If possible, this portion of the trip is even more boring than the first part. By this point in the journey, my eyes are glazing over.

Phase three.

Once I leave the main highway and take the side road toward Idaho, things immediately shape up scenery-wise. There's a lot more agriculture, which always interests me.

Harvesting wheat.

Cresting a hill, heading toward classic Palouse territory.

I'm a sucker for old barns.

Colfax in the afternoon sun. From here on home, things are just downright pretty.


I'm guessing this isn't a road sign many urban folks see!

But THIS is the sign I was waiting for. Whoo-hoo, almost home!

Abandoned barn.

Here, the wheat is still too green to harvest.

But the grass hay is ready to cut.

One of my favorite vistas.

And that, dear readers, is the last photo I took of the trip. Sorry for such a lengthy visual essay, but frankly taking pictures helped pass the time on the nine hour journey.

Of course the moment I got home, Don and I plunged into an intense work schedule, which is why it's taken me two days to get this post up. We're in the middle of our busy season (and very thankful we HAVE a busy season) so I'll post as I can.

Thanks for following me home.


  1. Glad you made it home safe and sound.

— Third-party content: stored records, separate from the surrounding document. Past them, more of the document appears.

(* Let $\mathcal G$ be a pseudogroup on a compact metric space $X$ with finite generating set $\mathcal G_1$. Then for every $x\in X$, $n\in\mathbb N$ and $\varepsilon>0$, the sets $B_n(x,\varepsilon)$, $B_n[x,\varepsilon]$ and $\Phi_\varepsilon(x)$ are Borel subsets of $X$.
   Context: $\mathrm{Homeo}(X)$: homeomorphisms $g:D_g\to R_g$ between open subsets of $X$, composed on natural domains $D_{h\circ g}=g^{-1}(D_h)$. A pseudogroup is a subset of $\mathrm{Homeo}(X)$ containing $\mathrm{id}_X$, closed under composition, inversion, restriction to open subsets, and gluing along open covers of the domain; $\mathcal G_1$ generates it if every element locally coincides with finite compositions of elements of $\mathcal G_1$ and their inverses. Let $\mathcal G_n=\{g_1\circ\cdots\circ g_n: g_i\in\mathcal G_1\}$, $\mathcal G_n^x=\{g\in\mathcal G_n: x\in D_g\}$, $B_n(x,\varepsilon)=\{y\in X: d(g(x),g(y))<\varepsilon\ \forall g\in\mathcal G_n^x\cap\mathcal G_n^y\}$, $B_n[x,\varepsilon]=\{y\in X: d(g(x),g(y))\le\varepsilon\ \forall g\in\mathcal G_n^x\cap\mathcal G_n^y\}$, and $\Phi_\varepsilon(x)=\bigcap_{n\in\mathbb N}B_n[x,\varepsilon]$. *)

theory Defs
  imports "HOL-Analysis.Analysis"
begin

text \<open>A partial map on the space (UNIV of a metric-space type) is represented as a pair
  (domain, function), normalised to be the identity outside the domain so that
  equality of pairs is equality of partial maps.\<close>

type_synonym 'a pmap = "'a set \<times> ('a \<Rightarrow> 'a)"

definition pdom :: "'a pmap \<Rightarrow> 'a set" where "pdom g = fst g"
definition papp :: "'a pmap \<Rightarrow> 'a \<Rightarrow> 'a" where "papp g = snd g"

definition mkp :: "'a set \<Rightarrow> ('a \<Rightarrow> 'a) \<Rightarrow> 'a pmap" where
  "mkp D f = (D, \<lambda>x. if x \<in> D then f x else x)"

definition phomeo :: "'a::topological_space pmap \<Rightarrow> bool" where
  "phomeo g \<longleftrightarrow> open (pdom g) \<and> open (papp g ` pdom g)
     \<and> (\<exists>k. homeomorphism (pdom g) (papp g ` pdom g) (papp g) k)
     \<and> (\<forall>x. x \<notin> pdom g \<longrightarrow> papp g x = x)"

definition pid :: "'a pmap" where "pid = mkp UNIV id"

definition pcomp :: "'a pmap \<Rightarrow> 'a pmap \<Rightarrow> 'a pmap" where
  "pcomp h g = mkp {x \<in> pdom g. papp g x \<in> pdom h} (\<lambda>x. papp h (papp g x))"

definition pinv :: "'a pmap \<Rightarrow> 'a pmap" where
  "pinv g = mkp (papp g ` pdom g) (inv_into (pdom g) (papp g))"

definition prestr :: "'a pmap \<Rightarrow> 'a set \<Rightarrow> 'a pmap" where
  "prestr g U = mkp (pdom g \<inter> U) (papp g)"

definition pseudogroup :: "'a::topological_space pmap set \<Rightarrow> bool" where
  "pseudogroup P \<longleftrightarrow>
     (\<forall>g\<in>P. phomeo g) \<and> pid \<in> P
     \<and> (\<forall>g\<in>P. \<forall>h\<in>P. pcomp h g \<in> P)
     \<and> (\<forall>g\<in>P. pinv g \<in> P)
     \<and> (\<forall>g\<in>P. \<forall>U. open U \<longrightarrow> prestr g U \<in> P)
     \<and> (\<forall>g. phomeo g \<and> (\<forall>x\<in>pdom g. \<exists>U. open U \<and> x \<in> U \<and> prestr g U \<in> P) \<longrightarrow> g \<in> P)"

fun pcomp_list :: "'a pmap list \<Rightarrow> 'a pmap" where
  "pcomp_list [] = pid"
| "pcomp_list (g # gs) = pcomp g (pcomp_list gs)"

definition generates :: "'a::topological_space pmap set \<Rightarrow> 'a pmap set \<Rightarrow> bool" where
  "generates G1 P \<longleftrightarrow> G1 \<subseteq> P \<and>
     (\<forall>g\<in>P. \<forall>x\<in>pdom g. \<exists>U ws. open U \<and> x \<in> U \<and> U \<subseteq> pdom g
        \<and> set ws \<subseteq> G1 \<union> pinv ` G1
        \<and> U \<subseteq> pdom (pcomp_list ws)
        \<and> (\<forall>y\<in>U. papp (pcomp_list ws) y = papp g y))"

definition Gn :: "'a pmap set \<Rightarrow> nat \<Rightarrow> 'a pmap set" where
  "Gn G1 n = {pcomp_list gs | gs. set gs \<subseteq> G1 \<and> length gs = n}"

definition Bn_open :: "'a::metric_space pmap set \<Rightarrow> nat \<Rightarrow> 'a \<Rightarrow> real \<Rightarrow> 'a set" where
  "Bn_open G1 n x \<epsilon> = {y. \<forall>g\<in>Gn G1 n. x \<in> pdom g \<and> y \<in> pdom g
       \<longrightarrow> dist (papp g x) (papp g y) < \<epsilon>}"

definition Bn_closed :: "'a::metric_space pmap set \<Rightarrow> nat \<Rightarrow> 'a \<Rightarrow> real \<Rightarrow> 'a set" where
  "Bn_closed G1 n x \<epsilon> = {y. \<forall>g\<in>Gn G1 n. x \<in> pdom g \<and> y \<in> pdom g
       \<longrightarrow> dist (papp g x) (papp g y) \<le> \<epsilon>}"

definition Phi :: "'a::metric_space pmap set \<Rightarrow> real \<Rightarrow> 'a \<Rightarrow> 'a set" where
  "Phi G1 \<epsilon> x = (\<Inter>n\<in>{1..}. Bn_closed G1 n x \<epsilon>)"

end

theory Submission
  imports Defs
begin

text \<open>Every element of \<open>\<G>\<^sub>n\<close> is a homeomorphism between open sets, so
  \<open>y \<mapsto> d(g x, g y)\<close> is continuous on the open set \<open>D\<^sub>g\<close> and each condition defining
  the balls cuts out a Borel set; as \<open>\<G>\<^sub>n\<close> is countable, the balls are countable
  intersections of Borel sets, and so is \<open>\<Phi>\<^sub>\<epsilon>(x)\<close>.\<close>

lemma pcomp_list_in_pseudogroup:
  assumes "pseudogroup P" "set gs \<subseteq> P"
  shows "pcomp_list gs \<in> P"
  using assms(2)
proof (induction gs)
  case Nil
  then show ?case using assms(1) by (simp add: pseudogroup_def)
next
  case (Cons g gs)
  then show ?case using assms(1) by (simp add: pseudogroup_def)
qed

lemma phomeo_Gn:
  assumes "pseudogroup P" "G1 \<subseteq> P" "g \<in> Gn G1 n"
  shows "phomeo g"
proof -
  obtain gs where "g = pcomp_list gs" "set gs \<subseteq> G1"
    using assms(3) by (auto simp: Gn_def)
  then have "g \<in> P" using pcomp_list_in_pseudogroup assms(1,2) by blast
  then show ?thesis using assms(1) by (simp add: pseudogroup_def)
qed

lemma countable_Gn:
  assumes "countable G1"
  shows "countable (Gn G1 n)"
proof -
  have "Gn G1 n \<subseteq> pcomp_list ` lists G1"
    by (auto simp: Gn_def)
  then show ?thesis
    using assms by (blast intro: countable_subset countable_image countable_lists)
qed

lemma borel_Int_vimage_continuous_on:
  assumes "D \<in> sets borel" "continuous_on D f" "S \<in> sets borel"
  shows "D \<inter> f -` S \<in> sets borel"
proof -
  let ?f = "\<lambda>x. if x \<in> D then f x else undefined"
  have "?f \<in> borel_measurable borel"
    using assms(1,2) by (intro borel_measurable_continuous_on_if) auto
  then have "?f -` S \<in> sets borel"
    using assms(3) by (rule measurable_sets_borel)
  then have "D \<inter> ?f -` S \<in> sets borel"
    using assms(1) by blast
  moreover have "D \<inter> ?f -` S = D \<inter> f -` S"
    by auto
  ultimately show ?thesis by simp
qed

lemma phomeo_dist_vimage_borel:
  fixes g :: "'a::metric_space pmap"
  assumes "phomeo g" "S \<in> sets borel"
  shows "{y. x \<in> pdom g \<and> y \<in> pdom g \<longrightarrow> dist (papp g x) (papp g y) \<in> S} \<in> sets borel"
proof (cases "x \<in> pdom g")
  case True
  let ?h = "\<lambda>y. dist (papp g x) (papp g y)"
  have "open (pdom g)" "continuous_on (pdom g) (papp g)"
    using assms(1) by (auto simp: phomeo_def homeomorphism_def)
  then have "pdom g \<inter> ?h -` S \<in> sets borel"
    using assms(2) by (intro borel_Int_vimage_continuous_on continuous_intros) auto
  moreover have "- pdom g \<in> sets borel"
    using \<open>open (pdom g)\<close> by (intro borel_closed) auto
  ultimately have "- pdom g \<union> (pdom g \<inter> ?h -` S) \<in> sets borel"
    by blast
  moreover have "{y. x \<in> pdom g \<and> y \<in> pdom g \<longrightarrow> ?h y \<in> S} = - pdom g \<union> (pdom g \<inter> ?h -` S)"
    using True by blast
  ultimately show ?thesis by simp
qed simp

lemma Gn_dist_constraint_borel:
  fixes G1 :: "'a::metric_space pmap set"
  assumes "pseudogroup P" "G1 \<subseteq> P" "countable G1" "S \<in> sets borel"
  shows "{y. \<forall>g\<in>Gn G1 n. x \<in> pdom g \<and> y \<in> pdom g \<longrightarrow> dist (papp g x) (papp g y) \<in> S}
           \<in> sets borel"
proof -
  have "{y. \<forall>g\<in>Gn G1 n. x \<in> pdom g \<and> y \<in> pdom g \<longrightarrow> dist (papp g x) (papp g y) \<in> S}
      = (\<Inter>g\<in>Gn G1 n. {y. x \<in> pdom g \<and> y \<in> pdom g \<longrightarrow> dist (papp g x) (papp g y) \<in> S})"
    by blast
  also have "\<dots> \<in> sets borel"
  proof (intro sets.countable_INT'')
    show "countable (Gn G1 n)" using assms(3) by (rule countable_Gn)
  next
    fix g assume "g \<in> Gn G1 n"
    with assms(1,2) have "phomeo g" by (rule phomeo_Gn)
    then show "{y. x \<in> pdom g \<and> y \<in> pdom g \<longrightarrow> dist (papp g x) (papp g y) \<in> S} \<in> sets borel"
      using assms(4) by (rule phomeo_dist_vimage_borel)
  qed simp
  finally show ?thesis .
qed

lemma Bn_open_borel:
  assumes "pseudogroup P" "G1 \<subseteq> P" "countable G1"
  shows "Bn_open G1 n x \<epsilon> \<in> sets borel"
  using Gn_dist_constraint_borel[OF assms, of "{..<\<epsilon>}" n x]
  by (simp add: Bn_open_def)

lemma Bn_closed_borel:
  assumes "pseudogroup P" "G1 \<subseteq> P" "countable G1"
  shows "Bn_closed G1 n x \<epsilon> \<in> sets borel"
  using Gn_dist_constraint_borel[OF assms, of "{..\<epsilon>}" n x]
  by (simp add: Bn_closed_def)

lemma Phi_borel:
  assumes "pseudogroup P" "G1 \<subseteq> P" "countable G1"
  shows "Phi G1 \<epsilon> x \<in> sets borel"
  unfolding Phi_def using Bn_closed_borel[OF assms]
  by (intro sets.countable_INT'') auto

theorem mainTheorem4:
  fixes P G1 :: "'a::metric_space pmap set"
  assumes "compact (UNIV :: 'a set)"
    and "pseudogroup P"
    and "finite G1"
    and "generates G1 P"
  shows "\<forall>x n \<epsilon>. n \<ge> 1 \<and> \<epsilon> > 0 \<longrightarrow>
           Bn_open G1 n x \<epsilon> \<in> sets borel \<and> Bn_closed G1 n x \<epsilon> \<in> sets borel
           \<and> Phi G1 \<epsilon> x \<in> sets borel"
proof -
  have "G1 \<subseteq> P" using assms(4) by (simp add: generates_def)
  moreover have "countable G1" using assms(3) by (rule countable_finite)
  ultimately show ?thesis
    using Bn_open_borel Bn_closed_borel Phi_borel assms(2) by metis
qed

end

You don't ever need to worry about apologising for "lengthy visual essays" - we love them.

  2. Well you can tell people you lost a lot of weight on your trip - mug weight.

  3. I made that drive in the other direction many years ago. Unfortunately it was September, after harvest, and so it was nothing but endless miles of rolling brown dirt. It was my first time across Washington from Idaho, but even the novelty couldn't overcome the landscape. Sure is pretty on both ends though.

    Jeff - Tucson

  4. Gorgeous pictures and scenery. I'm a flatlander so mountains and hills are awesome.

  5. Thank you for taking us on the ride.

  6. I am imagining you holding the steering wheel with one hand and trying to take good photos (and the photos were good) with the other. Kind of scary.

    Stay safe. I enjoy your blog.

  7. Each of those windmills cost taxpayers about $300,000 up front. Additionally they cost the rate payers about $1000 a year and untold thousands each in tax write offs. Ironically we could cut electricity rates and save taxpayers millions perhaps even billions by tearing them down. A classic example of government gone wild.

  8. That old mining building looks like what would be called a "tipple" here. To me, it's amazing to see that much flat land! The first thing that comes to mind for me when I think of the Pacific Northwest is a sort of terminally cloudy place with an eternal misty rain-not a desert. Looks like a fun ride.

  9. Great picks, worked in the grain bis in portland yrs ago, loved the area. To bad you didn't get picks of the crop circles and aliens, dang another topic to prep for.

  10. Glad you had a successful show in Portland. I am awaiting the time to see the "Welcome to Idaho" sign and have it mean home.

  11. have enjoyed your blog and stories and pictures for a few years now...God bless you and your family.

    Jeanne, Arkansas

  12. Phyllis (N/W Jersey)August 2, 2012 at 12:10 PM

    Seems like you took the scenic route home! The last few pictures look like they could be from where I am. I never get tired of looking at acres and acres of hay and corn with the mountains in the background. Now rest up for next year!

  13. I love a good travelogue!

    As I look at your pictures, I'm listening to the National Anthem being played for Michael Phelps and Gabby Douglas --- wonderful music by which to gaze at pictures of the American landscape!

    Hang in there --- the other side of a sellout show, I guess, is that now you have your work cut out for you restocking!

    Just Me

  14. I am stunned that it is August and there's still SNOW on Mt. Hood?!?! I'm in a flat part of the country that hasn't had rain in 2 months and above 100 degrees every day (well, that's most of the country, isn't it?).

  15. Love the Welcome to Idaho sign :o)

  16. In September of 1967 I drove to the lodge at Mt Hood. This was the driest Summer on record. They were skiing right at the lodge. Snow year round is normal for Mt Hood.

  17. Seeing all those pictures makes me the PNW. Maybe someday I'll get the opportunity to return.

    P.S. The wind turbines with pointy nose cones are made by Siemens!